Mum on Mexico’s Lawsuit
Neither Shienbaum nor Gálvez has spoken publicly of Mexico’s $10 billion lawsuit against U.S.-based firearm manufacturers. Sheinbaum, though, would largely be a rubber stamp on the lawfare effort by Mexico to abuse U.S. courts to influence gun control in America and erode Second Amendment rights.
“In several speeches, Sheinbaum has underlined the continuity between herself and López Obrador on key issues in the US-Mexico relationship, including migration, arms and drug trafficking, and border security,” The Nation reported.
NSSF filed an amicus brief with the U.S. Supreme Court in Smith & Wesson Brands, Inc. v. Estados Unidos Mexicanos, the $10 billion lawsuit brought by the Mexican government seeking to assign blame for the criminal violence brought by narco-terrorist cartels in Mexico. The brief argues that the U.S. Court of Appeals for the First Circuit erred in reviving the case that was initially dismissed by a lower federal court for violating the Protection of Lawful Commerce in Arms Act (PLCAA). NSSF wrote the First Circuit’s decision “… blows a gaping hole in the PLCAA and rolls out the red carpet for a foreign government intent on vitiating the Second Amendment.” The amicus later adds that the First Circuit’s decision was incorrect because it is “… emblematic of a recent trend of anti-gun governments (and courts) mendaciously skirting the PLCAA and using the resulting threat of bankruptcy-inducing tort liability to destroy a lawful industry that is vital to the exercise of a fundamental constitutional right. This Court’s intervention is imperative.”
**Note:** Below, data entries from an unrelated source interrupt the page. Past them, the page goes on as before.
lemma pairwise_coprime_refined_moduli:
  fixes d :: "'b \<Rightarrow> nat"
  assumes cop: "\<forall>i\<in>S. \<forall>j\<in>S. i \<noteq> j \<longrightarrow> coprime (halve_even (d i)) (halve_even (d j))"
    and odd_halves: "\<forall>j\<in>S - {j0}. odd (halve_even (d j))"
  defines "m \<equiv> \<lambda>j. if j = j0 then d j else halve_even (d j)"
  shows "\<forall>i\<in>S. \<forall>j\<in>S. i \<noteq> j \<longrightarrow> coprime (m i) (m j)"
proof -
  have coprime_halve: "coprime (m i) (halve_even (d j))" if "i \<in> S" "j \<in> S - {j0}" "i \<noteq> j" for i j
  proof -
    have hij: "coprime (halve_even (d i)) (halve_even (d j))" using cop that by blast
    moreover have "odd (halve_even (d j))" using odd_halves that by blast
    ultimately have "coprime (d i) (halve_even (d j))" by (rule coprime_if_coprime_halve_even)
    with hij show ?thesis by (cases "i = j0") (simp_all add: m_def)
  qed
  show ?thesis
  proof (intro ballI impI)
    fix i j assume ij: "i \<in> S" "j \<in> S" "i \<noteq> j"
    show "coprime (m i) (m j)"
    proof (cases "j = j0")
      case True
      then have "coprime (m j) (halve_even (d i))" using coprime_halve ij by simp
      then show ?thesis using True ij by (simp add: m_def ac_simps)
    next
      case False
      then show ?thesis using coprime_halve ij by (simp add: m_def)
    qed
  qed
qed

lemma card_cong_system_halved_moduli:
  fixes d u :: "'b \<Rightarrow> nat"
  assumes fin: "finite S" and d: "\<forall>j\<in>S. 0 < d j \<and> d j dvd N"
    and cop: "\<forall>i\<in>S. \<forall>j\<in>S. i \<noteq> j \<longrightarrow> coprime (halve_even (d i)) (halve_even (d j))"
  defines "E \<equiv> {j\<in>S. even (d j)}"
  shows "int (card {s\<in>{..<N}. \<forall>j\<in>S. [s = u j] (mod d j)}) * (\<Prod>j\<in>S. int (d j))
       = (if \<forall>i\<in>E. \<forall>j\<in>E. even (u i) = even (u j) then 2 ^ (card E - 1) * int N else 0)"
proof -
  text \<open>At most one of the halved moduli is even; we keep the full modulus there.\<close>
  obtain j0 where odd_halves: "\<forall>j\<in>S - {j0}. odd (halve_even (d j))" and j0E: "E \<noteq> {} \<Longrightarrow> j0 \<in> E"
    using exists_unique_even_halve[OF cop] unfolding E_def by blast
  define m where "m j = (if j = j0 then d j else halve_even (d j))" for j
  have m_pos: "\<forall>j\<in>S. 0 < m j" using d by (auto simp: m_def halve_even_def elim!: evenE)
  have m_dvd: "\<forall>j\<in>S. m j dvd d j" by (auto simp: m_def halve_even_def)
  have m_dvd_N: "\<forall>j\<in>S. m j dvd N" using m_dvd d dvd_trans by blast
  have d_eq: "d j = (if j \<in> E - {j0} then 2 * m j else m j)" if "j \<in> S" for j
    using that by (auto simp: m_def halve_even_def E_def)
  have m_coprime: "\<forall>i\<in>S. \<forall>j\<in>S. i \<noteq> j \<longrightarrow> coprime (m i) (m j)"
    unfolding m_def by (rule pairwise_coprime_refined_moduli[OF cop odd_halves])
  have parity: "even s = even (u j)" if "[s = u j] (mod d j)" "j \<in> E" for s j
  proof -
    have "2 dvd d j" using that(2) by (simp add: E_def)
    with that(1) have "[s = u j] (mod 2)" by (rule cong_dvd_modulus_nat)
    then show ?thesis using cong_2_iff_parity by blast
  qed
  have system_iff: "(\<forall>j\<in>S. [s = u j] (mod d j)) \<longleftrightarrow>
      (\<forall>i\<in>E. \<forall>j\<in>E. even (u i) = even (u j)) \<and> (\<forall>j\<in>S. [s = u j] (mod m j))" for s
  proof
    assume h: "\<forall>j\<in>S. [s = u j] (mod d j)"
    have "even (u j) = even s" if "j \<in> E" for j
      using parity[of s j] h that unfolding E_def by blast
    moreover have "[s = u j] (mod m j)" if "j \<in> S" for j
      using h m_dvd that cong_dvd_modulus_nat by blast
    ultimately show "(\<forall>i\<in>E. \<forall>j\<in>E. even (u i) = even (u j)) \<and> (\<forall>j\<in>S. [s = u j] (mod m j))"
      by simp
  next
    assume h: "(\<forall>i\<in>E. \<forall>j\<in>E. even (u i) = even (u j)) \<and> (\<forall>j\<in>S. [s = u j] (mod m j))"
    show "\<forall>j\<in>S. [s = u j] (mod d j)"
    proof
      fix j assume j: "j \<in> S"
      show "[s = u j] (mod d j)"
      proof (cases "j \<in> E - {j0}")
        case True
        then have "j0 \<in> E" using j0E by blast
        then have "[s = u j0] (mod m j0)" using h by (simp add: E_def)
        then have "[s = u j0] (mod d j0)" by (simp add: m_def)
        then have "even s = even (u j0)" using \<open>j0 \<in> E\<close> by (rule parity)
        moreover have "even (u j0) = even (u j)" using h \<open>j0 \<in> E\<close> True by blast
        ultimately have "[s = u j] (mod 2)" by (simp only: cong_2_iff_parity)
        moreover have "[s = u j] (mod m j)" using h j by blast
        moreover have "coprime 2 (m j)" using odd_halves True by (simp add: m_def E_def)
        ultimately have "[s = u j] (mod 2 * m j)" by (rule coprime_cong_mult_nat)
        then show ?thesis using j d_eq True by simp
      next
        case False
        then have "d j = m j" using d_eq[OF j] by presburger
        then show ?thesis using h j by simp
      qed
    qed
  qed
  have card_E: "card (E - {j0}) = card E - 1"
    using j0E by (cases "E = {}") (simp_all add: card_Diff_singleton)
  have "(\<Prod>j\<in>S. int (d j)) = (\<Prod>j\<in>S. (if j \<in> E - {j0} then 2 else 1) * int (m j))"
    by (rule prod.cong) (auto simp: d_eq)
  also have "\<dots> = 2 ^ (card E - 1) * (\<Prod>j\<in>S. int (m j))"
  proof -
    have "S \<inter> (E - {j0}) = E - {j0}" by (auto simp: E_def)
    have "(\<Prod>j\<in>S. if j \<in> E - {j0} then 2 else 1::int)
        = (\<Prod>j\<in>S \<inter> {j. j \<in> E - {j0}}. 2) * (\<Prod>j\<in>S \<inter> - {j. j \<in> E - {j0}}. 1)"
      by (rule prod.If_cases[OF fin])
    also have "\<dots> = (\<Prod>j\<in>E - {j0}. 2)"
      using \<open>S \<inter> (E - {j0}) = E - {j0}\<close> by (simp only: Collect_mem_eq prod.neutral_const mult_1_right)
    also have "\<dots> = 2 ^ (card E - 1)" using card_E by simp
    finally show ?thesis by (simp add: prod.distrib)
  qed
  finally have prod_d: "(\<Prod>j\<in>S. int (d j)) = 2 ^ (card E - 1) * (\<Prod>j\<in>S. int (m j))" .
  have N_eq: "int (N div (\<Prod>j\<in>S. m j)) * (\<Prod>j\<in>S. int (m j)) = int N"
    using prod_dvd_if_pairwise_coprime[OF m_coprime m_dvd_N]
    by (simp flip: of_nat_prod of_nat_mult)
  show ?thesis
  proof (cases "\<forall>i\<in>E. \<forall>j\<in>E. even (u i) = even (u j)")
    case True
    then have "{s\<in>{..<N}. \<forall>j\<in>S. [s = u j] (mod d j)} = {s\<in>{..<N}. \<forall>j\<in>S. [s = u j] (mod m j)}"
      using system_iff by blast
    then have "card {s\<in>{..<N}. \<forall>j\<in>S. [s = u j] (mod d j)} = N div (\<Prod>j\<in>S. m j)"
      using card_cong_system_lessThan[OF fin m_pos m_coprime m_dvd_N] by simp
    then show ?thesis using True unfolding prod_d N_eq[symmetric] by (simp only: if_P[OF True] mult_ac)
  next
    case False
    then have "{s\<in>{..<N}. \<forall>j\<in>S. [s = u j] (mod d j)} = {}" using system_iff by blast
    then show ?thesis unfolding if_not_P[OF False] by simp
  qed
qed

lemma sum_even_subsets_signs:
  fixes x :: "'b \<Rightarrow> int"
  assumes fin: "finite E" and sign: "\<forall>j\<in>E. x j = 1 \<or> x j = -1"
  shows "(\<Sum>V | V \<subseteq> E \<and> even (card V). \<Prod>j\<in>V. x j)
       = (if (\<forall>j\<in>E. x j = 1) \<or> (\<forall>j\<in>E. x j = -1) then 2 ^ (card E - 1) else 0)"
proof -
  have expand: "(\<Prod>j\<in>E. \<epsilon> * x j + 1) = (\<Sum>V\<in>Pow E. \<epsilon> ^ card V * (\<Prod>j\<in>V. x j))" for \<epsilon> :: int
    by (simp add: prod_add[OF fin] prod.distrib)
  have "(\<Prod>j\<in>E. x j + 1) + (\<Prod>j\<in>E. - x j + 1) = (\<Sum>V\<in>Pow E. (1 + (-1) ^ card V) * (\<Prod>j\<in>V. x j))"
    using expand[of 1] expand[of "-1"] by (simp add: sum.distrib[symmetric] algebra_simps)
  also have "\<dots> = (\<Sum>V | V \<subseteq> E \<and> even (card V). 2 * (\<Prod>j\<in>V. x j))"
    using fin by (intro sum.mono_neutral_cong_right) auto
  finally have twice: "2 * (\<Sum>V | V \<subseteq> E \<and> even (card V). \<Prod>j\<in>V. x j)
      = (\<Prod>j\<in>E. x j + 1) + (\<Prod>j\<in>E. - x j + 1)" by (simp add: sum_distrib_left)
  have factor: "(\<Prod>j\<in>E. \<epsilon> * x j + 1) = (if \<forall>j\<in>E. x j = \<epsilon> then 2 ^ card E else 0)"
    if "\<epsilon> = 1 \<or> \<epsilon> = -1" for \<epsilon>
    using fin sign that by (induction E rule: finite_induct) auto
  have "2 * (\<Sum>V | V \<subseteq> E \<and> even (card V). \<Prod>j\<in>V. x j)
      = (if \<forall>j\<in>E. x j = 1 then 2 ^ card E else 0) + (if \<forall>j\<in>E. x j = -1 then 2 ^ card E else 0)"
    unfolding twice factor[of 1, simplified, symmetric] factor[of "-1", simplified, symmetric] by simp
  moreover have "2 ^ card E = 2 * (2::int) ^ (card E - 1)" if "E \<noteq> {}"
    using fin that by (simp add: card_gt_0_iff power_eq_if)
  moreover have "\<not> ((\<forall>j\<in>E. x j = 1) \<and> (\<forall>j\<in>E. x j = -1))" if "E \<noteq> {}"
    using that by fastforce
  ultimately show ?thesis
    by (cases "E = {}") (auto split: if_splits)
qed

lemma sum_prod_cong_indicator_halved_moduli:
  fixes d u :: "'b \<Rightarrow> nat"
  assumes fin: "finite S" and d: "\<forall>j\<in>S. 0 < d j \<and> d j dvd N"
    and cop: "\<forall>i\<in>S. \<forall>j\<in>S. i \<noteq> j \<longrightarrow> coprime (halve_even (d i)) (halve_even (d j))"
  shows "(\<Sum>s<N. \<Prod>j\<in>S. if [s = u j] (mod d j) then int (d j) else 0)
       = int N * (\<Sum>V | V \<subseteq> {j\<in>S. even (d j)} \<and> even (card V). \<Prod>j\<in>V. (-1) ^ u j)"
proof -
  define E where "E = {j\<in>S. even (d j)}"
  have "(\<Prod>j\<in>S. if [s = u j] (mod d j) then int (d j) else 0)
      = (if \<forall>j\<in>S. [s = u j] (mod d j) then \<Prod>j\<in>S. int (d j) else 0)" for s
    using fin by (auto intro: prod_zero)
  then have "(\<Sum>s<N. \<Prod>j\<in>S. if [s = u j] (mod d j) then int (d j) else 0)
      = int (card {s\<in>{..<N}. \<forall>j\<in>S. [s = u j] (mod d j)}) * (\<Prod>j\<in>S. int (d j))"
    by (simp add: sum.If_cases Int_def)
  also have "\<dots> = (if \<forall>i\<in>E. \<forall>j\<in>E. even (u i) = even (u j) then 2 ^ (card E - 1) * int N else 0)"
    unfolding E_def by (rule card_cong_system_halved_moduli[OF fin d cop])
  also have "\<dots> = int N * (\<Sum>V | V \<subseteq> E \<and> even (card V). \<Prod>j\<in>V. (-1) ^ u j)"
  proof -
    have "finite E" using fin by (simp add: E_def)
    then have "(\<Sum>V | V \<subseteq> E \<and> even (card V). \<Prod>j\<in>V. (-1::int) ^ u j)
        = (if (\<forall>j\<in>E. (-1::int) ^ u j = 1) \<or> (\<forall>j\<in>E. (-1::int) ^ u j = -1) then 2 ^ (card E - 1) else 0)"
      by (rule sum_even_subsets_signs) (simp add: minus_one_power_iff)
    moreover have "(\<forall>i\<in>E. \<forall>j\<in>E. even (u i) = even (u j)) \<longleftrightarrow>
        (\<forall>j\<in>E. (-1::int) ^ u j = 1) \<or> (\<forall>j\<in>E. (-1::int) ^ u j = -1)"
      by (simp add: minus_one_power_iff) blast
    ultimately show ?thesis by simp
  qed
  finally show ?thesis by (simp add: E_def)
qed

section \<open>Finite fields and discrete logarithms\<close>

lemma card_ge_2: "2 \<le> CARD('a::{finite,field})"
proof -
  have "card {0::'a, 1} \<le> CARD('a)" by (rule card_mono) auto
  then show ?thesis by simp
qed

lemma card_units_pos: "0 < CARD('a::{finite,field}) - 1"
  using card_ge_2[where 'a='a] by simp

lemma card_nonzero: "card (UNIV - {0::'a::{finite,field}}) = CARD('a) - 1"
  by (simp add: card_Diff_singleton)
Twenty-seven state attorneys general, led by Montana’s AG Austin Knudsen, filed their own brief with the Supreme Court, urging the court to correct the decision to revive the claim by the U.S. Court of Appeals for the First Circuit.
“American firearms manufacturers should not and do not have to answer for the actions of criminals, as established by the commonsense federal Protection of Lawful Commerce in Arms Act. Mexico’s bad policies created the country’s gun violence problem,” AG Knudsen said in a press release. “Rather than take responsibility, Mexico and anti-gun activists are trying to blame and bankrupt American companies that follow the law. The appeals court erred in their decision and the Supreme Court needs to correct it.”
Mexico’s elections are certain to change who occupies the presidential palace but hope for change falls short of Mexico’s insistence on scapegoating their own failures and cartel corruption on U.S. firearm manufacturers.